Maldives
About Maldives
The Maldives is the lowest country on earth, with an average ground elevation of about 1.5 metres above sea level. The nation is made up of 26 natural atolls and 1,192 islands, all of them sitting on top of an underwater mountain range that rises from the floor of the Indian Ocean. From above, it reads as 99 percent water and 1 percent land: white-sand beaches, overwater villas, jetties reaching half a kilometre out into turquoise lagoons, and some of the clearest reef water on the planet.
A yacht charter opens up what one resort cannot, because it lets you cross the channels between atolls, drop anchor off uninhabited islands, and reach dive sites otherwise visited only by liveaboards, the dedicated diving boats that work the same routes for weeks at a time. Baa Atoll, in the north, has been a UNESCO Biosphere Reserve since 2011, and the channel at Hanifaru Bay inside it holds the largest manta ray aggregation in the world between May and November each year. South Ari, further south, has a resident population of whale sharks all year round. The northern and central atolls are where the five-star resorts cluster, while the outer atolls are quieter and harder to reach without a boat.

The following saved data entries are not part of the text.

(* Let $n \ge 3$ be an integer and let $I$ be a degree-based topological index with coefficients $c_{12},c_{13},c_{22},c_{23},c_{33}$. Define $c'_{12} = c_{12}-4c_{22}+3c_{23}$, $c'_{13} = c_{13}-3c_{22}+2c_{23}$, $c'_{33} = c_{22}-2c_{23}+c_{33}$. If $\max\{0,-c'_{33}\}<\min\{c'_{12},c'_{13}\}$, then the cycle $C_n$ on $n$ vertices is, up to isomorphism, the only graph in $\mathcal{G}_3(n,n)$ that minimizes $I$.
   Context: For integers $n,m$, $\mathcal{G}_3(n,m)$ denotes the set of simple connected undirected graphs (chemical graphs) with $n$ vertices, $m$ edges and maximum degree at most $3$; in particular $\mathcal{G}_3(n,n)$ is the set of connected unicyclic graphs of order $n$ with maximum degree at most $3$. For a graph $G$ and $1\le i\le j$, an $ij$-edge is an edge whose endpoints have degrees $i$ and $j$, and $m_{ij}$ denotes the number of $ij$-edges of $G$. A degree-based topological index $I$ is a function on chemical graphs of order $n\ge 3$ of the form $I(G)=c_{12}m_{12}+c_{13}m_{13}+c_{22}m_{22}+c_{23}m_{23}+c_{33}m_{33}$, where the $c_{ij}$ are fixed real numbers. *)

theory Defs
  imports Complex_Main
begin

text \<open>Graphs on the vertex set {0..<n}, given by their edge set (a set of 2-element sets).\<close>

definition simple_graph :: "nat \<Rightarrow> nat set set \<Rightarrow> bool" where
  "simple_graph n E \<longleftrightarrow> (\<forall>e\<in>E. \<exists>u v. u \<noteq> v \<and> u < n \<and> v < n \<and> e = {u, v})"

definition vdeg :: "nat set set \<Rightarrow> nat \<Rightarrow> nat" where
  "vdeg E v = card {e\<in>E. v \<in> e}"

definition adj_rel :: "nat set set \<Rightarrow> (nat \<times> nat) set" where
  "adj_rel E = {(u, v). {u, v} \<in> E}"

definition graph_connected :: "nat \<Rightarrow> nat set set \<Rightarrow> bool" where
  "graph_connected n E \<longleftrightarrow> (\<forall>u<n. \<forall>v<n. (u, v) \<in> (adj_rel E)\<^sup>*)"

definition G3 :: "nat \<Rightarrow> nat \<Rightarrow> nat set set set" where
  "G3 n m = {E. simple_graph n E \<and> graph_connected n E \<and> card E = m \<and> (\<forall>v<n. vdeg E v \<le> 3)}"

definition medges :: "nat set set \<Rightarrow> nat \<Rightarrow> nat \<Rightarrow> nat" where
  "medges E i j = card {e\<in>E. \<exists>u v. u \<noteq> v \<and> e = {u, v} \<and> vdeg E u = i \<and> vdeg E v = j}"

definition deg_index :: "real \<Rightarrow> real \<Rightarrow> real \<Rightarrow> real \<Rightarrow> real \<Rightarrow> nat set set \<Rightarrow> real" where
  "deg_index c12 c13 c22 c23 c33 E =
     c12 * medges E 1 2 + c13 * medges E 1 3 + c22 * medges E 2 2 + c23 * medges E 2 3 + c33 * medges E 3 3"

definition cycle_graph :: "nat \<Rightarrow> nat set set" where
  "cycle_graph n = {{i, (i + 1) mod n} | i. i < n}"

definition graph_iso :: "nat \<Rightarrow> nat set set \<Rightarrow> nat set set \<Rightarrow> bool" where
  "graph_iso n E F \<longleftrightarrow> (\<exists>f. bij_betw f {0..<n} {0..<n} \<and>
      (\<forall>u<n. \<forall>v<n. {u, v} \<in> E \<longleftrightarrow> {f u, f v} \<in> F))"

end

theory Submission
  imports Defs
begin

text \<open>For a unicyclic chemical graph let \<open>n\<^sub>i\<close> be the number of vertices of degree \<open>i\<close> and
  \<open>m\<^sub>i\<^sub>j\<close> the number of \<open>ij\<close>-edges. Counting vertex-edge incidences class by class gives
  \<open>n\<^sub>1 = m\<^sub>1\<^sub>2 + m\<^sub>1\<^sub>3\<close> (two adjacent leaves would be a whole component),
  \<open>2 n\<^sub>2 = m\<^sub>1\<^sub>2 + 2 m\<^sub>2\<^sub>2 + m\<^sub>2\<^sub>3\<close> and \<open>3 n\<^sub>3 = m\<^sub>1\<^sub>3 + m\<^sub>2\<^sub>3 + 2 m\<^sub>3\<^sub>3\<close>, while
  the handshake lemma with \<open>m = n\<close> gives \<open>n\<^sub>1 = n\<^sub>3\<close>. Eliminating \<open>m\<^sub>2\<^sub>2\<close> and \<open>m\<^sub>2\<^sub>3\<close> turns the
  index into \<open>c\<^sub>2\<^sub>2 n + c'\<^sub>1\<^sub>2 m\<^sub>1\<^sub>2 + c'\<^sub>1\<^sub>3 m\<^sub>1\<^sub>3 + c'\<^sub>3\<^sub>3 m\<^sub>3\<^sub>3\<close>. Contracting all
  vertices of degree 3 to one vertex leaves a connected graph, whence \<open>m\<^sub>3\<^sub>3 \<le> n\<^sub>3 = n\<^sub>1\<close>, and so
  the index is at least \<open>c\<^sub>2\<^sub>2 n + (min c'\<^sub>1\<^sub>2 c'\<^sub>1\<^sub>3 - max 0 (-c'\<^sub>3\<^sub>3)) n\<^sub>1\<close>, whereas the cycle
  has index \<open>c\<^sub>2\<^sub>2 n\<close>. Under the hypothesis equality forces \<open>n\<^sub>1 = 0\<close>: the graph is 2-regular, and a
  walk that never turns back closes up after visiting every vertex exactly once.\<close>

lemma simple_graph_finite: "simple_graph n E \<Longrightarrow> finite E"
  by (rule finite_subset[of _ "Pow {..<n}"]) (auto simp: simple_graph_def)

lemma simple_graph_edgeE:
  assumes "simple_graph n E" "e \<in> E"
  obtains u v where "u \<noteq> v" "u < n" "v < n" "e = {u, v}"
  using assms unfolding simple_graph_def by blast

lemma sym_adj_rel: "sym (adj_rel E)"
  by (auto simp: sym_def adj_rel_def insert_commute)

lemma graph_connectedI:
  assumes "\<And>v. v < n \<Longrightarrow> (0, v) \<in> (adj_rel E)\<^sup>*"
  shows "graph_connected n E"
  unfolding graph_connected_def
proof (intro allI impI)
  fix u v assume "u < n" "v < n"
  then have "(u, 0) \<in> (adj_rel E)\<^sup>*" "(0, v) \<in> (adj_rel E)\<^sup>*"
    using assms sym_rtrancl[OF sym_adj_rel] by (auto intro: symD)
  then show "(u, v) \<in> (adj_rel E)\<^sup>*" by (rule rtrancl_trans)
qed

lemma sum_vdeg_weighted:
  fixes f :: "nat \<Rightarrow> 'a::comm_semiring_1"
  assumes "simple_graph n E"
  shows "(\<Sum>v<n. of_nat (vdeg E v) * f v) = (\<Sum>e\<in>E. \<Sum>v\<in>e. f v)"
proof -
  have "(\<Sum>v<n. of_nat (vdeg E v) * f v) = (\<Sum>v<n. \<Sum>e\<in>{e\<in>E. v \<in> e}. f v)"
    by (simp add: vdeg_def)
  also have "\<dots> = (\<Sum>e\<in>E. \<Sum>v\<in>{v\<in>{..<n}. v \<in> e}. f v)"
    using simple_graph_finite[OF assms] by (intro sum.swap_restrict) auto
  also have "\<dots> = (\<Sum>e\<in>E. \<Sum>v\<in>e. f v)"
  proof (rule sum.cong)
    fix e assume "e \<in> E"
    then have "e \<subseteq> {..<n}" using assms by (auto elim: simple_graph_edgeE)
    then have "{v\<in>{..<n}. v \<in> e} = e" by blast
    then show "(\<Sum>v\<in>{v\<in>{..<n}. v \<in> e}. f v) = (\<Sum>v\<in>e. f v)" by simp
  qed simp
  finally show ?thesis .
qed

lemma handshake: "simple_graph n E \<Longrightarrow> (\<Sum>v<n. vdeg E v) = 2 * card E"
proof -
  assume simple: "simple_graph n E"
  have "card e = 2" if "e \<in> E" for e
    using simple that by (auto elim: simple_graph_edgeE)
  then show ?thesis
    using sum_vdeg_weighted[OF simple, of "\<lambda>_. 1::nat"] by simp
qed

lemma rtrancl_step_closer:
  assumes "(v, r) \<in> R\<^sup>*" "v \<noteq> r"
  shows "\<exists>y. (v, y) \<in> R \<and> (LEAST k. (y, r) \<in> R ^^ k) < (LEAST k. (v, r) \<in> R ^^ k)"
proof -
  define d where "d x = (LEAST k. (x, r) \<in> R ^^ k)" for x
  have v: "(v, r) \<in> R ^^ d v"
    unfolding d_def using rtrancl_imp_relpow[OF assms(1)] by (rule LeastI_ex)
  have "d v \<noteq> 0"
  proof
    assume "d v = 0"
    with v assms(2) show False by simp
  qed
  then obtain k where k: "d v = Suc k"
    using not0_implies_Suc by blast
  with v obtain y where y: "(v, y) \<in> R" "(y, r) \<in> R ^^ k"
    using relpow_Suc_D2 by metis
  have "d y \<le> k" unfolding d_def using y(2) by (rule Least_le)
  with y(1) k show ?thesis unfolding d_def[symmetric] by auto
qed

The dry, calm season runs December to April, with water visibility regularly past 30 metres and the sea as flat as glass. From May to November, the southwest monsoon brings plankton currents that feed the manta rays and whale sharks, in exchange for slightly shorter visibility and softer light overhead. Most charters pick up in Malé and run for ten to fourteen nights, which is the realistic minimum for a destination this far away and this spread out.